*** SUPPLIED MATERIAL ***

(* Let $A$ be a unital separable $C^*$-algebra and let $\alpha\in{\rm Aut}(A)$ be approximately inner. Suppose $\{p_j\}_{j\ge1}$ is a central sequence of projections in $A$. Then there exists a central sequence of partial isometries $\{w_j\}_{j\ge1}$ in $A$ such that $w_j^*w_j=p_j$ and $w_jw_j^*=\alpha(p_j)$ for all $j$.
   Context: An automorphism $\alpha$ of a unital $C^*$-algebra $A$ is approximately inner if there is a sequence of unitaries $u_n\in A$ with $\|u_n^*au_n-\alpha(a)\|\to0$ for all $a\in A$. A sequence $\{x_j\}$ in $A$ is central if $\|x_ja-ax_j\|\to0$ as $j\to\infty$ for every $a\in A$. *)

theory Defs
  imports "HOL-Analysis.Analysis"
begin

class unital_cstar_algebra = real_normed_algebra_1 + banach +
  fixes adj :: "'a \<Rightarrow> 'a"
    and scaleC :: "complex \<Rightarrow> 'a \<Rightarrow> 'a"
  assumes scaleC_add_right: "scaleC c (x + y) = scaleC c x + scaleC c y"
    and scaleC_add_left: "scaleC (c + d) x = scaleC c x + scaleC d x"
    and scaleC_scaleC: "scaleC c (scaleC d x) = scaleC (c * d) x"
    and scaleC_one: "scaleC 1 x = x"
    and scaleR_scaleC: "scaleR r x = scaleC (complex_of_real r) x"
    and norm_scaleC: "norm (scaleC c x) = cmod c * norm x"
    and mult_scaleC_left: "scaleC c x * y = scaleC c (x * y)"
    and mult_scaleC_right: "x * scaleC c y = scaleC c (x * y)"
    and adj_adj: "adj (adj x) = x"
    and adj_add: "adj (x + y) = adj x + adj y"
    and adj_mult: "adj (x * y) = adj y * adj x"
    and adj_scaleC: "adj (scaleC c x) = scaleC (cnj c) (adj x)"
    and cstar_identity: "norm (adj x * x) = (norm x)\<^sup>2"

definition separable_space :: "'a::metric_space itself \<Rightarrow> bool" where
  "separable_space _ \<longleftrightarrow> (\<exists>D::'a set. countable D \<and> closure D = UNIV)"

definition is_automorphism :: "('a::unital_cstar_algebra \<Rightarrow> 'a) \<Rightarrow> bool" where
  "is_automorphism \<alpha> \<longleftrightarrow> bij \<alpha>
     \<and> (\<forall>x y. \<alpha> (x + y) = \<alpha> x + \<alpha> y)
     \<and> (\<forall>x y. \<alpha> (x * y) = \<alpha> x * \<alpha> y)
     \<and> (\<forall>c x. \<alpha> (scaleC c x) = scaleC c (\<alpha> x))
     \<and> (\<forall>x. \<alpha> (adj x) = adj (\<alpha> x))"

definition unitary :: "'a::unital_cstar_algebra \<Rightarrow> bool" where
  "unitary u \<longleftrightarrow> adj u * u = 1 \<and> u * adj u = 1"

definition approximately_inner :: "('a::unital_cstar_algebra \<Rightarrow> 'a) \<Rightarrow> bool" where
  "approximately_inner \<alpha> \<longleftrightarrow>
     (\<exists>u::nat \<Rightarrow> 'a. (\<forall>n. unitary (u n)) \<and>
        (\<forall>a. (\<lambda>n. norm (adj (u n) * a * u n - \<alpha> a)) \<longlonglongrightarrow> 0))"

definition projection :: "'a::unital_cstar_algebra \<Rightarrow> bool" where
  "projection p \<longleftrightarrow> adj p = p \<and> p * p = p"

definition partial_isometry :: "'a::unital_cstar_algebra \<Rightarrow> bool" where
  "partial_isometry w \<longleftrightarrow> projection (adj w * w)"

definition central_sequence :: "(nat \<Rightarrow> 'a::unital_cstar_algebra) \<Rightarrow> bool" where
  "central_sequence x \<longleftrightarrow> (\<forall>a. (\<lambda>j. norm (x j * a - a * x j)) \<longlonglongrightarrow> 0)"

end

theory Submission
  imports Defs
begin

text \<open>Choose unitaries u_n with u_n^* a u_n \<rightarrow> \<alpha>(a). Along a slowly growing index m(j) the
  projection p_j almost commutes with u_m(j), and along a fast growing index n(j) the projection
  u_n(j)^* p_j u_n(j) is close to \<alpha>(p_j). Since both u_m(j) a u_m(j)^* and u_n(j) a u_n(j)^* tend to
  \<alpha>^-1(a), the partial isometry w0_j = u_n(j)^* p_j u_m(j) is asymptotically central. Its source
  projection u_m(j)^* p_j u_m(j) is close to p_j and its range projection is close to \<alpha>(p_j);
  composing w0_j with the canonical partial isometries f e (e f e)^-1/2 between close projections
  e, f yields exact partial isometries from p_j to \<alpha>(p_j) that differ from w0_j by a null
  sequence.\<close>

lemma adj_zero [simp]: "adj (0::'a::unital_cstar_algebra) = 0"
  by (metis add_cancel_right_right adj_add)

lemma adj_minus: "adj (- x) = - adj (x::'a::unital_cstar_algebra)"
  by (metis add.right_inverse adj_add adj_zero minus_unique)

lemma adj_diff: "adj (x - y) = adj x - adj (y::'a::unital_cstar_algebra)"
  using adj_add[of x "- y"] by (simp add: adj_minus)

lemma adj_one [simp]: "adj (1::'a::unital_cstar_algebra) = 1"
  by (metis adj_adj adj_mult mult.right_neutral mult_1_left)

lemma adj_scaleR: "adj (scaleR r x) = scaleR r (adj (x::'a::unital_cstar_algebra))"
  by (simp add: scaleR_scaleC adj_scaleC)

lemma norm_adj [simp]: "norm (adj x) = norm (x::'a::unital_cstar_algebra)"
proof -
  have le: "norm y \<le> norm (adj y)" for y :: 'a
  proof -
    have "(norm y)\<^sup>2 \<le> norm (adj y) * norm y"
      by (metis cstar_identity norm_mult_ineq)
    then show ?thesis
      by (cases "norm y = 0") (auto simp: power2_eq_square)
  qed
  show ?thesis
    using le[of x] le[of "adj x"] by (simp add: adj_adj)
qed

lemma continuous_on_adj: "continuous_on S (adj::'a::unital_cstar_algebra \<Rightarrow> 'a)"
  by (rule lipschitz_on_continuous_on[of 1])
    (auto intro!: lipschitz_onI simp: dist_norm adj_diff[symmetric])

lemma projection_norm_le_one: "projection p \<Longrightarrow> norm (p::'a::unital_cstar_algebra) \<le> 1"
proof -
  assume "projection p"
  then have "(norm p)\<^sup>2 = norm p" by (metis projection_def cstar_identity)
  then show ?thesis
    by (cases "norm p = 0") (auto simp: power2_eq_square)
qed

lemma partial_isometry_norm_le_one:
  "partial_isometry w \<Longrightarrow> norm (w::'a::unital_cstar_algebra) \<le> 1"
proof -
  assume "partial_isometry w"
  then have "(norm w)\<^sup>2 \<le> 1\<^sup>2"
    by (simp add: partial_isometry_def projection_norm_le_one flip: cstar_identity)
  then show ?thesis by (rule power2_le_imp_le) simp
qed

lemma unitary_adj: "unitary u \<Longrightarrow> unitary (adj (u::'a::unital_cstar_algebra))"
  by (simp add: unitary_def adj_adj)

lemma unitary_partial_isometry: "unitary u \<Longrightarrow> partial_isometry (u::'a::unital_cstar_algebra)"
  by (simp add: unitary_def partial_isometry_def projection_def adj_mult adj_adj)

lemma norm_unitary_le_one: "unitary u \<Longrightarrow> norm (u::'a::unital_cstar_algebra) \<le> 1"
  by (simp add: partial_isometry_norm_le_one unitary_partial_isometry)

lemma norm_triangle_3: "norm (a + b + c) \<le> norm a + norm b + norm (c::'a::real_normed_vector)"
  using norm_triangle_ineq[of "a + b" c] norm_triangle_ineq[of a b] by linarith

lemma norm_mult_left_le_one: "norm a \<le> 1 \<Longrightarrow> norm (a * b) \<le> norm (b::'a::real_normed_algebra)"
  by (meson mult_left_le_one_le norm_ge_zero norm_mult_ineq order_trans)

lemma norm_mult_right_le_one: "norm b \<le> 1 \<Longrightarrow> norm (a * b) \<le> norm (a::'a::real_normed_algebra)"
  by (meson mult_right_le_one_le norm_ge_zero norm_mult_ineq order_trans)

lemma projection_mult_cancel:
  assumes "projection (p::'a::unital_cstar_algebra)"
  shows "p * p = p" "p * (p * y) = p * y"
  using assms by (simp_all add: projection_def flip: mult.assoc)

lemma unitary_mult_cancel:
  assumes "unitary (u::'a::unital_cstar_algebra)"
  shows "adj u * u = 1" "u * adj u = 1" "adj u * (u * y) = y" "u * (adj u * y) = y"
  using assms by (simp_all add: unitary_def flip: mult.assoc)

lemma projection_unitary_conj:
  fixes p u :: "'a::unital_cstar_algebra"
  assumes "projection p" "unitary u"
  shows "projection (adj u * p * u)"
  using assms projection_mult_cancel[OF assms(1)] unitary_mult_cancel[OF assms(2)]
  by (simp add: projection_def adj_mult adj_adj mult.assoc)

***

> YOUR TASK: Exactly and only the lines from the one containing "using assms projection_mult_cancel[OF" to the end of the entries above are to be written out.

> RESULT OF THE EXERCISE:
  using assms projection_mult_cancel[OF assms(1)] unitary_mult_cancel[OF assms(2)]
  by (simp add: projection_def adj_mult adj_adj mult.assoc)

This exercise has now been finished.